Мама слушала, едва дыша от волнения: она верила, что надо распространять свой метод работы, надо вытаскивать бедноту, искоренять пьянство, лень, неумение трудиться, и выбрали для этого не кого-нибудь, а ее!
Помню, доведет мама отсталый колхоз до передового, люди полюбят ее, привыкнут, а нас вместе с подушками и чугунами вновь грузят на телегу — в путь-дорогу, в другой колхоз.
Помню скривленные от рыдания лица женщин, они всегда долго шли за нашей телегой, пока мама сквозь слезы не крикнет: «Хватит! Вертайтесь до дому! Вы что, хороните меня?
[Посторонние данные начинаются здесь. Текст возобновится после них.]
definition cond_2b where
  "cond_2b LM C Ceq \<longleftrightarrow> (\<forall>\<Gamma> T. wf_ctx LM (\<Gamma> @ [T]) \<longrightarrow> \<Gamma> @ [T] \<in> C \<longrightarrow> (\<Gamma>, T, T) \<in> Ceq)"

definition cond_2c where
  "cond_2c LM Ceq \<longleftrightarrow> (\<forall>\<Gamma> T T'. wf_ctx LM \<Gamma> \<and> T \<in> LM (length \<Gamma>) \<and> T' \<in> LM (length \<Gamma>) \<longrightarrow>
      (\<Gamma>, T, T') \<in> Ceq \<longrightarrow> (\<Gamma>, T', T) \<in> Ceq)"

definition cond_2d where
  "cond_2d LM Ceq \<longleftrightarrow> (\<forall>\<Gamma> T T' T''. wf_ctx LM \<Gamma> \<and> T \<in> LM (length \<Gamma>) \<and> T' \<in> LM (length \<Gamma>)
      \<and> T'' \<in> LM (length \<Gamma>) \<longrightarrow>
      (\<Gamma>, T, T') \<in> Ceq \<and> (\<Gamma>, T', T'') \<in> Ceq \<longrightarrow> (\<Gamma>, T, T'') \<in> Ceq)"

definition cond_3b where
  "cond_3b LM R Ct Ceqt \<longleftrightarrow> (\<forall>\<Gamma> T o1. wf_ctx LM (\<Gamma> @ [T]) \<and> o1 \<in> R (length \<Gamma>) \<longrightarrow>
      (\<Gamma>, T, o1) \<in> Ct \<longrightarrow> (\<Gamma>, T, o1, o1) \<in> Ceqt)"

definition cond_3c where
  "cond_3c LM R Ceqt \<longleftrightarrow> (\<forall>\<Gamma> T o1 o2. wf_ctx LM (\<Gamma> @ [T]) \<and> o1 \<in> R (length \<Gamma>)
      \<and> o2 \<in> R (length \<Gamma>) \<longrightarrow>
      (\<Gamma>, T, o1, o2) \<in> Ceqt \<longrightarrow> (\<Gamma>, T, o2, o1) \<in> Ceqt)"

definition cond_3d where
  "cond_3d LM R Ceqt \<longleftrightarrow> (\<forall>\<Gamma> T o1 o2 o3. wf_ctx LM (\<Gamma> @ [T]) \<and> o1 \<in> R (length \<Gamma>)
      \<and> o2 \<in> R (length \<Gamma>) \<and> o3 \<in> R (length \<Gamma>) \<longrightarrow>
      (\<Gamma>, T, o1, o2) \<in> Ceqt \<and> (\<Gamma>, T, o2, o3) \<in> Ceqt \<longrightarrow> (\<Gamma>, T, o1, o3) \<in> Ceqt)"

definition cond_4a where
  "cond_4a LM Ceq \<longleftrightarrow> (\<forall>\<Gamma>1 T T' \<Gamma>2 S S'.
      wf_ctx LM (\<Gamma>1 @ [T] @ \<Gamma>2) \<and> wf_ctx LM (\<Gamma>1 @ [T'] @ \<Gamma>2)
      \<and> S \<in> LM (length \<Gamma>1 + 1 + length \<Gamma>2) \<and> S' \<in> LM (length \<Gamma>1 + 1 + length \<Gamma>2) \<longrightarrow>
      (\<Gamma>1, T, T') \<in> Ceq \<and> (\<Gamma>1 @ [T] @ \<Gamma>2, S, S') \<in> Ceq \<longrightarrow> (\<Gamma>1 @ [T'] @ \<Gamma>2, S, S') \<in> Ceq)"

definition cond_4b where
  "cond_4b LM R Ceq Ceqt \<longleftrightarrow> (\<forall>\<Gamma>1 T T' \<Gamma>2 S o1 o2.
      wf_ctx LM (\<Gamma>1 @ [T] @ \<Gamma>2) \<and> wf_ctx LM (\<Gamma>1 @ [T'] @ \<Gamma>2)
      \<and> S \<in> LM (length \<Gamma>1 + 1 + length \<Gamma>2)
      \<and> o1 \<in> R (length \<Gamma>1 + 1 + length \<Gamma>2) \<and> o2 \<in> R (length \<Gamma>1 + 1 + length \<Gamma>2) \<longrightarrow>
      (\<Gamma>1, T, T') \<in> Ceq \<and> (\<Gamma>1 @ [T] @ \<Gamma>2, S, o1, o2) \<in> Ceqt
        \<longrightarrow> (\<Gamma>1 @ [T'] @ \<Gamma>2, S, o1, o2) \<in> Ceqt)"

definition cond_4c where
  "cond_4c LM R Ceq Ceqt \<longleftrightarrow> (\<forall>\<Gamma> S S' o1 o2.
      wf_ctx LM \<Gamma> \<and> S \<in> LM (length \<Gamma>) \<and> S' \<in> LM (length \<Gamma>)
      \<and> o1 \<in> R (length \<Gamma>) \<and> o2 \<in> R (length \<Gamma>) \<longrightarrow>
      (\<Gamma>, S, S') \<in> Ceq \<and> (\<Gamma>, S, o1, o2) \<in> Ceqt \<longrightarrow> (\<Gamma>, S', o1, o2) \<in> Ceqt)"

end

theory Submission
  imports Defs
begin

text \<open>The only non-local step is that an equation judged in a
  context \<open>\<Gamma>\<close> must be moved to an equivalent context \<open>\<Gamma>'\<close>; condition (4a) does this for
  one entry, so by induction on \<open>\<Gamma> \<sim> \<Gamma>'\<close> it does it for all of them. The relation \<open>\<simeq>\<close>
  then inherits the three properties, using (4b) to move term equations between
  equivalent contexts and (4c) to move them between equal types.\<close>

lemma wf_ctx_snoc: "wf_ctx LM (\<Gamma> @ [T]) \<longleftrightarrow> wf_ctx LM \<Gamma> \<and> T \<in> LM (length \<Gamma>)"
  unfolding wf_ctx_def by (auto simp: nth_append less_Suc_eq)

lemma wf_ctx_replace_middle:
  assumes "wf_ctx LM (\<Gamma>1 @ [T] @ \<Gamma>2)" and "T' \<in> LM (length \<Gamma>1)"
  shows "wf_ctx LM (\<Gamma>1 @ [T'] @ \<Gamma>2)"
  unfolding wf_ctx_def
proof (intro allI impI)
  fix i assume "i < length (\<Gamma>1 @ [T'] @ \<Gamma>2)"
  then show "(\<Gamma>1 @ [T'] @ \<Gamma>2) ! i \<in> LM i"
    using assms unfolding wf_ctx_def
    by (cases "i = length \<Gamma>1") (auto simp: nth_append split: if_splits)
qed

lemma ctx_sim_snocD:
  assumes "ctx_sim Ceq (\<Gamma> @ [S]) (\<Gamma>' @ [S'])"
  shows "ctx_sim Ceq \<Gamma> \<Gamma>'" and "(\<Gamma>, S, S') \<in> Ceq"
  using assms by (cases rule: ctx_sim.cases; auto)+

locale judgement_system =
  fixes LM :: "nat \<Rightarrow> 'a set" and R :: "nat \<Rightarrow> 'r set"
    and C :: "'a list set" and Ct :: "('a list \<times> 'a \<times> 'r) set"
    and Ceq :: "('a list \<times> 'a \<times> 'a) set" and Ceqt :: "('a list \<times> 'a \<times> 'r \<times> 'r) set"
  assumes data: "sys_data LM R C Ct Ceq Ceqt"
begin

lemma C_wf: "\<Gamma> \<in> C \<Longrightarrow> wf_ctx LM \<Gamma>"
  using data unfolding sys_data_def by auto

lemma Ct_wf:
  "(\<Gamma>, S, t) \<in> Ct \<Longrightarrow> wf_ctx LM \<Gamma> \<and> S \<in> LM (length \<Gamma>) \<and> t \<in> R (length \<Gamma>)"
  using data unfolding sys_data_def by auto

lemma Ceq_wf:
  "(\<Gamma>, S, S') \<in> Ceq \<Longrightarrow> wf_ctx LM \<Gamma> \<and> S \<in> LM (length \<Gamma>) \<and> S' \<in> LM (length \<Gamma>)"
  using data unfolding sys_data_def by auto

lemma Ceqt_wf:
  "(\<Gamma>, S, o1, o2) \<in> Ceqt \<Longrightarrow>
     wf_ctx LM \<Gamma> \<and> S \<in> LM (length \<Gamma>) \<and> o1 \<in> R (length \<Gamma>) \<and> o2 \<in> R (length \<Gamma>)"
  using data unfolding sys_data_def by auto

lemma Ceq_sym:
  assumes "cond_2c LM Ceq" and "(\<Gamma>, T, T') \<in> Ceq"
  shows "(\<Gamma>, T', T) \<in> Ceq"
  using assms Ceq_wf unfolding cond_2c_def by blast

lemma Ceq_trans:
  assumes "cond_2d LM Ceq" and "(\<Gamma>, T, T') \<in> Ceq" and "(\<Gamma>, T', T'') \<in> Ceq"
  shows "(\<Gamma>, T, T'') \<in> Ceq"
  using assms Ceq_wf unfolding cond_2d_def by blast

lemma Ceqt_sym:
  assumes "cond_3c LM R Ceqt" and "(\<Gamma>, S, o1, o2) \<in> Ceqt"
  shows "(\<Gamma>, S, o2, o1) \<in> Ceqt"
  using assms Ceqt_wf unfolding cond_3c_def wf_ctx_snoc by blast

lemma Ceqt_trans:
  assumes "cond_3d LM R Ceqt" and "(\<Gamma>, S, o1, o2) \<in> Ceqt" and "(\<Gamma>, S, o2, o3) \<in> Ceqt"
  shows "(\<Gamma>, S, o1, o3) \<in> Ceqt"
  using assms Ceqt_wf unfolding cond_3d_def wf_ctx_snoc by blast

lemma Ceqt_Ceq_subst:
  assumes "cond_4c LM R Ceq Ceqt" and "(\<Gamma>, S, S') \<in> Ceq" and "(\<Gamma>, S, o1, o2) \<in> Ceqt"
  shows "(\<Gamma>, S', o1, o2) \<in> Ceqt"
  using assms Ceq_wf Ceqt_wf unfolding cond_4c_def by blast

lemma Ceq_ctx_sim_subst:
  assumes c4a: "cond_4a LM Ceq"
  shows "ctx_sim Ceq \<Gamma> \<Gamma>' \<Longrightarrow> (\<Gamma> @ \<Delta>, S, S') \<in> Ceq \<Longrightarrow> (\<Gamma>' @ \<Delta>, S, S') \<in> Ceq"
proof (induction arbitrary: \<Delta> rule: ctx_sim.induct)
  case nil
  then show ?case by simp
next
  case (snoc \<Gamma> \<Gamma>' T T')
  have eq: "(\<Gamma> @ [T] @ \<Delta>, S, S') \<in> Ceq" using snoc.prems by simp
  have wf: "wf_ctx LM (\<Gamma> @ [T] @ \<Delta>)" "S \<in> LM (length \<Gamma> + 1 + length \<Delta>)"
    "S' \<in> LM (length \<Gamma> + 1 + length \<Delta>)"
    using Ceq_wf[OF eq] by simp_all
  have "wf_ctx LM (\<Gamma> @ [T'] @ \<Delta>)"
    using wf_ctx_replace_middle[OF wf(1)] Ceq_wf[OF snoc.hyps(2)] by blast
  then have "(\<Gamma> @ [T'] @ \<Delta>, S, S') \<in> Ceq"
    using c4a eq snoc.hyps(2) wf unfolding cond_4a_def by blast
  then show ?case using snoc.IH[of "[T'] @ \<Delta>"] by simp
qed

lemma Ceqt_ctx_sim_subst:
  assumes c4b: "cond_4b LM R Ceq Ceqt"
  shows "ctx_sim Ceq \<Gamma> \<Gamma>' \<Longrightarrow> (\<Gamma> @ \<Delta>, S, o1, o2) \<in> Ceqt \<Longrightarrow> (\<Gamma>' @ \<Delta>, S, o1, o2) \<in> Ceqt"
proof (induction arbitrary: \<Delta> rule: ctx_sim.induct)
  case nil
  then show ?case by simp
next
  case (snoc \<Gamma> \<Gamma>' T T')
  have eq: "(\<Gamma> @ [T] @ \<Delta>, S, o1, o2) \<in> Ceqt" using snoc.prems by simp
  have wf: "wf_ctx LM (\<Gamma> @ [T] @ \<Delta>)" "S \<in> LM (length \<Gamma> + 1 + length \<Delta>)"
    "o1 \<in> R (length \<Gamma> + 1 + length \<Delta>)" "o2 \<in> R (length \<Gamma> + 1 + length \<Delta>)"
    using Ceqt_wf[OF eq] by simp_all
  have "wf_ctx LM (\<Gamma> @ [T'] @ \<Delta>)"
    using wf_ctx_replace_middle[OF wf(1)] Ceq_wf[OF snoc.hyps(2)] by blast
  then have "(\<Gamma> @ [T'] @ \<Delta>, S, o1, o2) \<in> Ceqt"
    using c4b eq snoc.hyps(2) wf unfolding cond_4b_def by blast
  then show ?case using snoc.IH[of "[T'] @ \<Delta>"] by simp
qed

lemma ctx_sim_refl:
  assumes c12: "cond_1_2 LM C" and c2b: "cond_2b LM C Ceq"
  shows "\<Gamma> \<in> C \<Longrightarrow> ctx_sim Ceq \<Gamma> \<Gamma>"
proof (induction \<Gamma> rule: rev_induct)
  case Nil
  show ?case by (rule ctx_sim.nil)
next
  case (snoc T \<Gamma>)
  have "\<Gamma> \<in> C" and "(\<Gamma>, T, T) \<in> Ceq"
    using c12 c2b snoc.prems C_wf unfolding cond_1_2_def cond_2b_def by blast+
  then show ?case using snoc.IH by (blast intro: ctx_sim.snoc)
qed

lemma ctx_sim_sym:
  assumes c2c: "cond_2c LM Ceq" and c4a: "cond_4a LM Ceq"
  shows "ctx_sim Ceq \<Gamma> \<Gamma>' \<Longrightarrow> ctx_sim Ceq \<Gamma>' \<Gamma>"
proof (induction rule: ctx_sim.induct)
  case nil
  show ?case by (rule ctx_sim.nil)
next
  case (snoc \<Gamma> \<Gamma>' T T')
  have "(\<Gamma>', T', T) \<in> Ceq"
    using Ceq_ctx_sim_subst[OF c4a snoc.hyps(1), of "[]"] Ceq_sym[OF c2c snoc.hyps(2)] by simp
  then show ?case using snoc.IH by (simp add: ctx_sim.snoc)
qed

lemma ctx_sim_trans:
  assumes c2c: "cond_2c LM Ceq" and c2d: "cond_2d LM Ceq" and c4a: "cond_4a LM Ceq"
  shows "ctx_sim Ceq \<Gamma> \<Gamma>' \<Longrightarrow> ctx_sim Ceq \<Gamma>' \<Gamma>'' \<Longrightarrow> ctx_sim Ceq \<Gamma> \<Gamma>''"
proof (induction arbitrary: \<Gamma>'' rule: ctx_sim.induct)
  case nil
  then show ?case by simp
next
  case (snoc \<Gamma> \<Gamma>' T T')
  from snoc.prems obtain \<Gamma>''' T'' where
    "\<Gamma>'' = \<Gamma>''' @ [T'']" and "ctx_sim Ceq \<Gamma>' \<Gamma>'''" and "(\<Gamma>', T', T'') \<in> Ceq"
    by (cases rule: ctx_sim.cases) auto
  moreover have "(\<Gamma>, T', T'') \<in> Ceq"
    using Ceq_ctx_sim_subst[OF c4a ctx_sim_sym[OF c2c c4a snoc.hyps(1)], of "[]"]
      \<open>(\<Gamma>', T', T'') \<in> Ceq\<close>
    by simp
  ultimately show ?case
    using snoc.IH Ceq_trans[OF c2d snoc.hyps(2)] by (simp add: ctx_sim.snoc)
qed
Или не знаете, где колхоз «Мировой октябрь»? За сто километров уезжаю, чи шо?» Колхозницы замолкали, переставали плакать и останавливались.
Мама была для людей радостью и надеждой — любили ее, я уже говорила, все без исключения, только и слышишь: «Петровна, Петровна».
В страду и школьников, и горожан, и студентов мобилизовывали к нам в колхоз на помощь. Помню, с грохотом по неровной дороге тащится телега. На ней котел, посуда, буханки хлеба, старенькая гитара. Повариха тетя Вера заделает тот еще кондер. Это — кукурузная крупа, вымоченная за ночь, лук, зелень всякая — вкуснотища! Котел громадный — уплетают все за милую душу. Потом компот из абрикосов. Мамину гитару возят всегда: а вдруг случится чудо, и она споет. Любо-дорого было ее слушать. Приезжие раззявят рот и не могут оторвать глаза от нее. Все с нетерпением ждали, когда солнце сядет на горизонт — конец работы. А оно, казалось, стоит на месте — так душно, жарко, «силов нема». Наконец повариха как даст бруском по висячему рельсу — все, отработали.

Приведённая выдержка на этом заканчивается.